I can hear a lot of you readers laughing at my naive perspective, and a few others shaking your fists (wait, what? A White American feministmissed something? Never!), and a couple of others telling me to join the grown-up club already (in which case, keep your arrogance to yourselves). I can also hear a lot of our readers from around the world shaking their heads and sighing because you're all much more accustomed to the back-and-forth misogyny that takes rights away as readily as it grants them. I know. I've been living a pretty privileged perspective. It happens a lot to Americans.

With this realization in mind, I'd like to subvert the age-old American feminist tendency to believe that "we" have it right by calling on the rest of the world: how do you get your fucks back? In less cavalier language, how do you find the energy to carry on when you feel utterly overwhelmed by the challenges facing your movements? It's obvious to me that I- we- can't afford not to care, not with so much at stake, so the only answer is to keep on caring enough to do something. But how?

Go Girls (and Go Folk) the world over are a daily reminder that we're all moving, shaking, and changing the world with every step on a plane, every backpack zipped, every tijn spent. Somehow, wherever we're from and wherever we're going, we always manage to keep ourselves in motion. It's unbelievably inspiring. So as a movement, as a tour de force, let's brainstorm. How can we keep ourselves going against not logistical odds, but sociopolitical odds? How can we make and preserve lasting change?

How can we get our fucks back?

1 comment:

  1. Maybe it's because we grew up in the same town (heck, practically on the same street!) but I have been just as surprised by this rolling back of women's rights, and just as embarrassed to admit that I've been naive.

    In each presidential election I've voted in so far in my life (just two), I've always taken the view that abortion shouldn't be a major part of my decision, because I didn't see Roe v.

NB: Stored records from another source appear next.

lemma sesq_form_unit_left:
  assumes "finite S" "s \<in> S"
  shows "sesq_form S A (\<lambda>z. if z = s then 1 else 0) w = (\<Sum>y\<in>S. A s y * w y)"
proof -
  have "sesq_form S A (\<lambda>z. if z = s then 1 else 0) w =
      (\<Sum>x\<in>S. if x = s then (\<Sum>y\<in>S. A x y * w y) else 0)"
    unfolding sesq_form_def by (intro sum.cong refl) auto
  then show ?thesis using assms by simp
qed

lemma sesq_form_unit_right:
  assumes "finite S" "s \<in> S"
  shows "sesq_form S A u (\<lambda>z. if z = s then 1 else 0) = (\<Sum>x\<in>S. cnj (u x) * A x s)"
  using assms unfolding sesq_form_def by (simp add: if_distrib[of "\<lambda>c. _ * c"] cong: if_cong)

lemma psd_subset:
  assumes "psd S A" "S' \<subseteq> S" "finite S"
  shows "psd S' A"
  unfolding psd_iff_sesq_form
proof
  fix v
  define v' where "v' = (\<lambda>x. if x \<in> S' then v x else (0::complex))"
  have "sesq_form S A v' v' = sesq_form S' A v v"
  proof -
    have "sesq_form S A v' v' =
        (\<Sum>x\<in>S. \<Sum>y\<in>S. if x \<in> S' \<and> y \<in> S' then cnj (v x) * A x y * v y else 0)"
      unfolding sesq_form_def v'_def by (intro sum.cong refl) auto
    also have "\<dots> = (\<Sum>x\<in>S. if x \<in> S' then (\<Sum>y\<in>S'. cnj (v x) * A x y * v y) else 0)"
      using assms by (intro sum.cong refl)
        (auto simp: sum.inter_restrict[symmetric] Int_absorb1 if_distrib cong: if_cong)
    also have "\<dots> = sesq_form S' A v v"
      unfolding sesq_form_def using assms by (simp add: sum.inter_restrict[symmetric] Int_absorb1)
    finally show ?thesis .
  qed
  then show "Im (sesq_form S' A v v) = 0 \<and> 0 \<le> Re (sesq_form S' A v v)"
    using psdD[OF assms(1), of v'] by simp
qed

lemma psd_diag:
  assumes "psd S A" "finite S" "x \<in> S"
  shows "Im (A x x) = 0" "Re (A x x) \<ge> 0"
proof -
  have "psd {x} A" by (rule psd_subset[OF assms(1) _ assms(2)]) (use assms in auto)
  from psdD[OF this, of "\<lambda>_. 1"] show "Im (A x x) = 0" "Re (A x x) \<ge> 0"
    by (simp_all add: sesq_form_def)
qed

lemma psd_hermitian:
  assumes "psd S A" "finite S" "x \<in> S" "y \<in> S"
  shows "A y x = cnj (A x y)"
proof (cases "x = y")
  case True
  then show ?thesis using psd_diag[OF assms(1,2,3)] by (simp add: complex_eq_iff)
next
  case False
  have "psd {x, y} A" "psd {x} A" "psd {y} A"
    by (rule psd_subset[OF assms(1) _ assms(2)]; use assms in auto)+
  from psdD(1)[OF this(1), of "\<lambda>_. 1"] psdD(1)[OF this(1), of "\<lambda>z. if z = y then \<i> else 1"]
    psdD(1)[OF this(2), of "\<lambda>_. 1"] psdD(1)[OF this(3), of "\<lambda>_. 1"]
  have "Im (A x y) + Im (A y x) = 0" "Re (A x y) - Re (A y x) = 0"
    using False by (simp_all add: sesq_form_def)
  then show ?thesis by (simp add: complex_eq_iff)
qed

lemma sesq_form_hermitian:
  assumes "\<And>x y. x \<in> S \<Longrightarrow> y \<in> S \<Longrightarrow> A y x = cnj (A x y)"
  shows "sesq_form S A u w = cnj (sesq_form S A w u)"
proof -
  have "cnj (sesq_form S A w u) = (\<Sum>x\<in>S. \<Sum>y\<in>S. w x * cnj (A x y) * cnj (u y))"
    by (simp add: sesq_form_def)
  also have "\<dots> = (\<Sum>x\<in>S. \<Sum>y\<in>S. w x * A y x * cnj (u y))"
    by (intro sum.cong refl) (metis assms)
  also have "\<dots> = sesq_form S A u w"
    unfolding sesq_form_def by (subst sum.swap) (simp add: mult_ac)
  finally show ?thesis by simp
qed

lemma quadratic_nonneg_imp_le:
  fixes a b c :: real
  assumes "\<And>t. 0 \<le> a + 2 * t * c + t\<^sup>2 * b" "a \<ge> 0" "b \<ge> 0"
  shows "c \<le> sqrt a * sqrt b"
proof (cases "b = 0")
  case True
  show ?thesis
  proof (rule ccontr)
    assume "\<not> ?thesis"
    then have "c > 0" using True by simp
    have "0 \<le> a + 2 * (-(a+1)/(2*c)) * c + (-(a+1)/(2*c))\<^sup>2 * b" by (rule assms(1))
    then show False using True \<open>c > 0\<close> by (simp add: field_simps)
  qed
next
  case False
  then have "b > 0" using assms by simp
  have "0 \<le> a + 2 * (-c/b) * c + (-c/b)\<^sup>2 * b" by (rule assms(1))
  then have "c\<^sup>2 \<le> a * b" using \<open>b > 0\<close> by (simp add: field_simps power2_eq_square)
  then have "sqrt (c\<^sup>2) \<le> sqrt (a * b)" by (rule real_sqrt_le_mono)
  then show ?thesis by (simp add: real_sqrt_mult)
qed

lemma sum_sesq_form_cauchy_schwarz:
  assumes "psd S E" "finite S"
  shows "Re (\<Sum>l\<in>L. sesq_form S E (B l) (A l)) \<le>
     sqrt (Re (\<Sum>l\<in>L. sesq_form S E (A l) (A l))) * sqrt (Re (\<Sum>l\<in>L. sesq_form S E (B l) (B l)))"
proof (rule quadratic_nonneg_imp_le)
  show "0 \<le> Re (\<Sum>l\<in>L. sesq_form S E (A l) (A l))" "0 \<le> Re (\<Sum>l\<in>L. sesq_form S E (B l) (B l))"
    by (simp_all add: psdD[OF assms(1)] Re_sum sum_nonneg)
  have swap: "Re (sesq_form S E (A l) (B l)) = Re (sesq_form S E (B l) (A l))" for l
    using sesq_form_hermitian[OF psd_hermitian[OF assms], where u="A l" and w="B l"] by simp
  fix t :: real
  have "0 \<le> Re (\<Sum>l\<in>L. sesq_form S E (\<lambda>x. A l x + of_real t * B l x) (\<lambda>x. A l x + of_real t * B l x))"
    by (simp add: psdD[OF assms(1)] Re_sum sum_nonneg)
  also have "\<dots> = Re (\<Sum>l\<in>L. sesq_form S E (A l) (A l)) + 2 * t * Re (\<Sum>l\<in>L. sesq_form S E (B l) (A l))
       + t\<^sup>2 * Re (\<Sum>l\<in>L. sesq_form S E (B l) (B l))"
    by (simp add: sesq_form_add_left sesq_form_add_right sesq_form_scale_left sesq_form_scale_right
        swap Re_sum sum.distrib sum_distrib_left algebra_simps power2_eq_square)
  finally show "0 \<le> Re (\<Sum>l\<in>L. sesq_form S E (A l) (A l)) + 2 * t * Re (\<Sum>l\<in>L. sesq_form S E (B l) (A l))
       + t\<^sup>2 * Re (\<Sum>l\<in>L. sesq_form S E (B l) (B l))" .
qed

lemma sesq_form_cauchy_schwarz:
  assumes "psd S E" "finite S"
  shows "Re (sesq_form S E w v) \<le> sqrt (Re (sesq_form S E v v)) * sqrt (Re (sesq_form S E w w))"
  using sum_sesq_form_cauchy_schwarz[OF assms, where L="{()}" and A="\<lambda>_. v" and B="\<lambda>_. w"] by simp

Wade going anywhere. For awhile, courting the moderate vote was so important that presidential candidates took very, very similar stances on the policy.

    When my sister used McCain's and Obama's stances on abortion as the key issue to decide her vote in the last election, I rolled my eyes and said, "Roe v. Wade is going nowhere - focus on other issues." Now I see that even if Roe v. Wade does remain intact, states can and will push through legislation that prevents doctors from providing abortions on some technicality.

    I think the problem is that as Americans we don't have enough history to look back on, and what we do have is taught with an emphasis on forward movement - yes, slavery happened, but then it ended. Yes, women of any race still had no vote, but now they do. Yes, segregation was a problem, but now that's illegal. And yes, there are still problems, but they'll keep getting better.

    But that's not how history works. Social change comes from groups pushing for it, and groups push for any number of changes.